EXERCISE AIM: Transcribe each record as written.

SOURCE MATERIAL:
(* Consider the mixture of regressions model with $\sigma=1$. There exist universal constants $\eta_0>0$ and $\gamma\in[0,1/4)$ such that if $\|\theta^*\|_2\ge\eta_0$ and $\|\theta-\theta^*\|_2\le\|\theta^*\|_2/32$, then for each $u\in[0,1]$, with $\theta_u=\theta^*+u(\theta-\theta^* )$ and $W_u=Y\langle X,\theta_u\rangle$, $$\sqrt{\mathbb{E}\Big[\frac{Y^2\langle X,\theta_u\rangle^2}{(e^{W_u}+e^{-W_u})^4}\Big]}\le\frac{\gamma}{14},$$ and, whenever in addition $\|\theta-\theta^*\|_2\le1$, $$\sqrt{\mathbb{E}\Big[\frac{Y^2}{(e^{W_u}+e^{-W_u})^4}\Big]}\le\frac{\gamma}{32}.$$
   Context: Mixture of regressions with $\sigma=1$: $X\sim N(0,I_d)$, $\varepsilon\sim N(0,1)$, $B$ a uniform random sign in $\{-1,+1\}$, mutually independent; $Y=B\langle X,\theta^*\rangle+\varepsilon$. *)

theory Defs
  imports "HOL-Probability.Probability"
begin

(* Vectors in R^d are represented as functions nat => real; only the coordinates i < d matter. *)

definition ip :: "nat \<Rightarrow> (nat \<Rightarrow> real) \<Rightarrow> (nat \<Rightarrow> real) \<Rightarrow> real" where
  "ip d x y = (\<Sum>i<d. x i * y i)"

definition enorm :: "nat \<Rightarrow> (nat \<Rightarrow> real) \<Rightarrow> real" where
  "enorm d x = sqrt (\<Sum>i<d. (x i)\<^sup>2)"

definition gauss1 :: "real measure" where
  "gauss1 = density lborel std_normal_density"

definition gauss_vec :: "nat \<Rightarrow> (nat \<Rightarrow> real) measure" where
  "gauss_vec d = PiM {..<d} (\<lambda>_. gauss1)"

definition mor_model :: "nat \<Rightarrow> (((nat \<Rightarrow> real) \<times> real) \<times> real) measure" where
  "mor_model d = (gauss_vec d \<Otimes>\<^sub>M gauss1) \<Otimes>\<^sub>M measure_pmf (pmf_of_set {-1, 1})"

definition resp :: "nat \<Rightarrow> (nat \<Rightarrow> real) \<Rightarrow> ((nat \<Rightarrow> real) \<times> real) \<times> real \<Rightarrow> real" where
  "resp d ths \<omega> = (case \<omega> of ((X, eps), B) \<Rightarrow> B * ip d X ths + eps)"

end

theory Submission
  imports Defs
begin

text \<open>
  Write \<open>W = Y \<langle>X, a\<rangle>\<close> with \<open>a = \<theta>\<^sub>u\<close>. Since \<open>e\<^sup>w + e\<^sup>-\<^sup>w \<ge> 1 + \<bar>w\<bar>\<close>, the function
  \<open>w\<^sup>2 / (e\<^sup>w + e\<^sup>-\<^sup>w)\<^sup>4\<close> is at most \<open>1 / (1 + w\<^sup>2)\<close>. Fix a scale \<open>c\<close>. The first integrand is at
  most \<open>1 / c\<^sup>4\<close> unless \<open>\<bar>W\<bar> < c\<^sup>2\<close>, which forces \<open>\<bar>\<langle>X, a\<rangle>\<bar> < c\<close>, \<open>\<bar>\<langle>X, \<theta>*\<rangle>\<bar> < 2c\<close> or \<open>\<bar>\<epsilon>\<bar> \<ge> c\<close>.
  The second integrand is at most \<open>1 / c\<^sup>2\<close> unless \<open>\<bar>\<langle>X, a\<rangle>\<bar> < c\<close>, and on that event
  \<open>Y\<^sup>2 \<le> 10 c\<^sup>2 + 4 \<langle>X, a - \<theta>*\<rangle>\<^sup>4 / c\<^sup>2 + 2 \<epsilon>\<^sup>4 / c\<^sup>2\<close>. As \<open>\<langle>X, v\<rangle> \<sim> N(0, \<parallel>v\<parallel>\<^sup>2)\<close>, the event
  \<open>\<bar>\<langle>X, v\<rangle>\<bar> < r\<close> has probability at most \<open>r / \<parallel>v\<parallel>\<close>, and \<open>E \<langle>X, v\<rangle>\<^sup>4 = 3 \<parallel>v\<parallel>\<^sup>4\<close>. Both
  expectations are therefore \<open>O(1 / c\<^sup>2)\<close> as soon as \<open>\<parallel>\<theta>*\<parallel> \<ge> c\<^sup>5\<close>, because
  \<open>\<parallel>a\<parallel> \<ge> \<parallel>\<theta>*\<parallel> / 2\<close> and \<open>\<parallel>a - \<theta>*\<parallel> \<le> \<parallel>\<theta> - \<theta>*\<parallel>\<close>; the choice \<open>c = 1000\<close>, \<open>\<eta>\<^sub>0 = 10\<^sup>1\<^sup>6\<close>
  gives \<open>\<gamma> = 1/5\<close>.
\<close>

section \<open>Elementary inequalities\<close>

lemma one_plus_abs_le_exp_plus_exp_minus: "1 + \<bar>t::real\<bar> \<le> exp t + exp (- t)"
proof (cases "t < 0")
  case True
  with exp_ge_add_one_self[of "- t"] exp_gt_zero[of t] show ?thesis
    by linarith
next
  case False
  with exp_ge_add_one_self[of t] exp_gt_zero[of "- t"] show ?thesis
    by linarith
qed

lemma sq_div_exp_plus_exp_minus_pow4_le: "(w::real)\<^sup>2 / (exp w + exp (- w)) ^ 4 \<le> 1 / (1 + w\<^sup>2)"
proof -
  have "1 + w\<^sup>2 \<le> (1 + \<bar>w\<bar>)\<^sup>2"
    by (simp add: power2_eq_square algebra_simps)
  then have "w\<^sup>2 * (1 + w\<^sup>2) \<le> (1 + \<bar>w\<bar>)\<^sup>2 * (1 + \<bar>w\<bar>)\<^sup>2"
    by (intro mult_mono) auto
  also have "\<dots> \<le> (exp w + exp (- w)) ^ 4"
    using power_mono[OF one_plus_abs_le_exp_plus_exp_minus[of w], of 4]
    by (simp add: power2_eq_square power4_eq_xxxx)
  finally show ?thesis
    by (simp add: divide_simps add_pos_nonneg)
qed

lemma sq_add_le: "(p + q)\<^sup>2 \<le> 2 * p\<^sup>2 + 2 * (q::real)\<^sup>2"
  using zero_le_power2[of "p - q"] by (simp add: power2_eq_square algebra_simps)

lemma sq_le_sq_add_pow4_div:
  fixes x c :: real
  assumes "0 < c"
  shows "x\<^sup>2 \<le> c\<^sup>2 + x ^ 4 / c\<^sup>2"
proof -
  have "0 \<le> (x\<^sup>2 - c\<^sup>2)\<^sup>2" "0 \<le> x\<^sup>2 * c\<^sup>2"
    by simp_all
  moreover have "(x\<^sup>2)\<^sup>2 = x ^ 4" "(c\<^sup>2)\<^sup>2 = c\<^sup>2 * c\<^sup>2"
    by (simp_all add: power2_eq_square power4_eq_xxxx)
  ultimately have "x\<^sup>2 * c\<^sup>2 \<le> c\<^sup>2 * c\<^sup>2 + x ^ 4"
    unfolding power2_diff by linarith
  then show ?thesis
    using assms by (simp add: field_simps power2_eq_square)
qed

ANSWER SECTION:
(* Consider the mixture of regressions model with $\sigma=1$. There exist universal constants $\eta_0>0$ and $\gamma\in[0,1/4)$ such that if $\|\theta^*\|_2\ge\eta_0$ and $\|\theta-\theta^*\|_2\le\|\theta^*\|_2/32$, then for each $u\in[0,1]$, with $\theta_u=\theta^*+u(\theta-\theta^* )$ and $W_u=Y\langle X,\theta_u\rangle$, $$\sqrt{\mathbb{E}\Big[\frac{Y^2\langle X,\theta_u\rangle^2}{(e^{W_u}+e^{-W_u})^4}\Big]}\le\frac{\gamma}{14},$$ and, whenever in addition $\|\theta-\theta^*\|_2\le1$, $$\sqrt{\mathbb{E}\Big[\frac{Y^2}{(e^{W_u}+e^{-W_u})^4}\Big]}\le\frac{\gamma}{32}.$$
   Context: Mixture of regressions with $\sigma=1$: $X\sim N(0,I_d)$, $\varepsilon\sim N(0,1)$, $B$ a uniform random sign in $\{-1,+1\}$, mutually independent; $Y=B\langle X,\theta^*\rangle+\varepsilon$. *)

theory Defs
  imports "HOL-Probability.Probability"
begin

(* Vectors in R^d are represented as functions nat => real; only the coordinates i < d matter. *)

definition ip :: "nat \<Rightarrow> (nat \<Rightarrow> real) \<Rightarrow> (nat \<Rightarrow> real) \<Rightarrow> real" where
  "ip d x y = (\<Sum>i<d. x i * y i)"

definition enorm :: "nat \<Rightarrow> (nat \<Rightarrow> real) \<Rightarrow> real" where
  "enorm d x = sqrt (\<Sum>i<d. (x i)\<^sup>2)"

definition gauss1 :: "real measure" where
  "gauss1 = density lborel std_normal_density"

definition gauss_vec :: "nat \<Rightarrow> (nat \<Rightarrow> real) measure" where
  "gauss_vec d = PiM {..<d} (\<lambda>_. gauss1)"

definition mor_model :: "nat \<Rightarrow> (((nat \<Rightarrow> real) \<times> real) \<times> real) measure" where
  "mor_model d = (gauss_vec d \<Otimes>\<^sub>M gauss1) \<Otimes>\<^sub>M measure_pmf (pmf_of_set {-1, 1})"

definition resp :: "nat \<Rightarrow> (nat \<Rightarrow> real) \<Rightarrow> ((nat \<Rightarrow> real) \<times> real) \<times> real \<Rightarrow> real" where
  "resp d ths \<omega> = (case \<omega> of ((X, eps), B) \<Rightarrow> B * ip d X ths + eps)"

end

theory Submission
  imports Defs
begin

text \<open>
  Write \<open>W = Y \<langle>X, a\<rangle>\<close> with \<open>a = \<theta>\<^sub>u\<close>. Since \<open>e\<^sup>w + e\<^sup>-\<^sup>w \<ge> 1 + \<bar>w\<bar>\<close>, the function
  \<open>w\<^sup>2 / (e\<^sup>w + e\<^sup>-\<^sup>w)\<^sup>4\<close> is at most \<open>1 / (1 + w\<^sup>2)\<close>. Fix a scale \<open>c\<close>. The first integrand is at
  most \<open>1 / c\<^sup>4\<close> unless \<open>\<bar>W\<bar> < c\<^sup>2\<close>, which forces \<open>\<bar>\<langle>X, a\<rangle>\<bar> < c\<close>, \<open>\<bar>\<langle>X, \<theta>*\<rangle>\<bar> < 2c\<close> or \<open>\<bar>\<epsilon>\<bar> \<ge> c\<close>.
  The second integrand is at most \<open>1 / c\<^sup>2\<close> unless \<open>\<bar>\<langle>X, a\<rangle>\<bar> < c\<close>, and on that event
  \<open>Y\<^sup>2 \<le> 10 c\<^sup>2 + 4 \<langle>X, a - \<theta>*\<rangle>\<^sup>4 / c\<^sup>2 + 2 \<epsilon>\<^sup>4 / c\<^sup>2\<close>. As \<open>\<langle>X, v\<rangle> \<sim> N(0, \<parallel>v\<parallel>\<^sup>2)\<close>, the event
  \<open>\<bar>\<langle>X, v\<rangle>\<bar> < r\<close> has probability at most \<open>r / \<parallel>v\<parallel>\<close>, and \<open>E \<langle>X, v\<rangle>\<^sup>4 = 3 \<parallel>v\<parallel>\<^sup>4\<close>. Both
  expectations are therefore \<open>O(1 / c\<^sup>2)\<close> as soon as \<open>\<parallel>\<theta>*\<parallel> \<ge> c\<^sup>5\<close>, because
  \<open>\<parallel>a\<parallel> \<ge> \<parallel>\<theta>*\<parallel> / 2\<close> and \<open>\<parallel>a - \<theta>*\<parallel> \<le> \<parallel>\<theta> - \<theta>*\<parallel>\<close>; the choice \<open>c = 1000\<close>, \<open>\<eta>\<^sub>0 = 10\<^sup>1\<^sup>6\<close>
  gives \<open>\<gamma> = 1/5\<close>.
\<close>

section \<open>Elementary inequalities\<close>

lemma one_plus_abs_le_exp_plus_exp_minus: "1 + \<bar>t::real\<bar> \<le> exp t + exp (- t)"
proof (cases "t < 0")
  case True
  with exp_ge_add_one_self[of "- t"] exp_gt_zero[of t] show ?thesis
    by linarith
next
  case False
  with exp_ge_add_one_self[of t] exp_gt_zero[of "- t"] show ?thesis
    by linarith
qed

lemma sq_div_exp_plus_exp_minus_pow4_le: "(w::real)\<^sup>2 / (exp w + exp (- w)) ^ 4 \<le> 1 / (1 + w\<^sup>2)"
proof -
  have "1 + w\<^sup>2 \<le> (1 + \<bar>w\<bar>)\<^sup>2"
    by (simp add: power2_eq_square algebra_simps)
  then have "w\<^sup>2 * (1 + w\<^sup>2) \<le> (1 + \<bar>w\<bar>)\<^sup>2 * (1 + \<bar>w\<bar>)\<^sup>2"
    by (intro mult_mono) auto
  also have "\<dots> \<le> (exp w + exp (- w)) ^ 4"
    using power_mono[OF one_plus_abs_le_exp_plus_exp_minus[of w], of 4]
    by (simp add: power2_eq_square power4_eq_xxxx)
  finally show ?thesis
    by (simp add: divide_simps add_pos_nonneg)
qed

lemma sq_add_le: "(p + q)\<^sup>2 \<le> 2 * p\<^sup>2 + 2 * (q::real)\<^sup>2"
  using zero_le_power2[of "p - q"] by (simp add: power2_eq_square algebra_simps)

lemma sq_le_sq_add_pow4_div:
  fixes x c :: real
  assumes "0 < c"
  shows "x\<^sup>2 \<le> c\<^sup>2 + x ^ 4 / c\<^sup>2"
proof -
  have "0 \<le> (x\<^sup>2 - c\<^sup>2)\<^sup>2" "0 \<le> x\<^sup>2 * c\<^sup>2"
    by simp_all
  moreover have "(x\<^sup>2)\<^sup>2 = x ^ 4" "(c\<^sup>2)\<^sup>2 = c\<^sup>2 * c\<^sup>2"
    by (simp_all add: power2_eq_square power4_eq_xxxx)
  ultimately have "x\<^sup>2 * c\<^sup>2 \<le> c\<^sup>2 * c\<^sup>2 + x ^ 4"
    unfolding power2_diff by linarith
  then show ?thesis
    using assms by (simp add: field_simps power2_eq_square)
qed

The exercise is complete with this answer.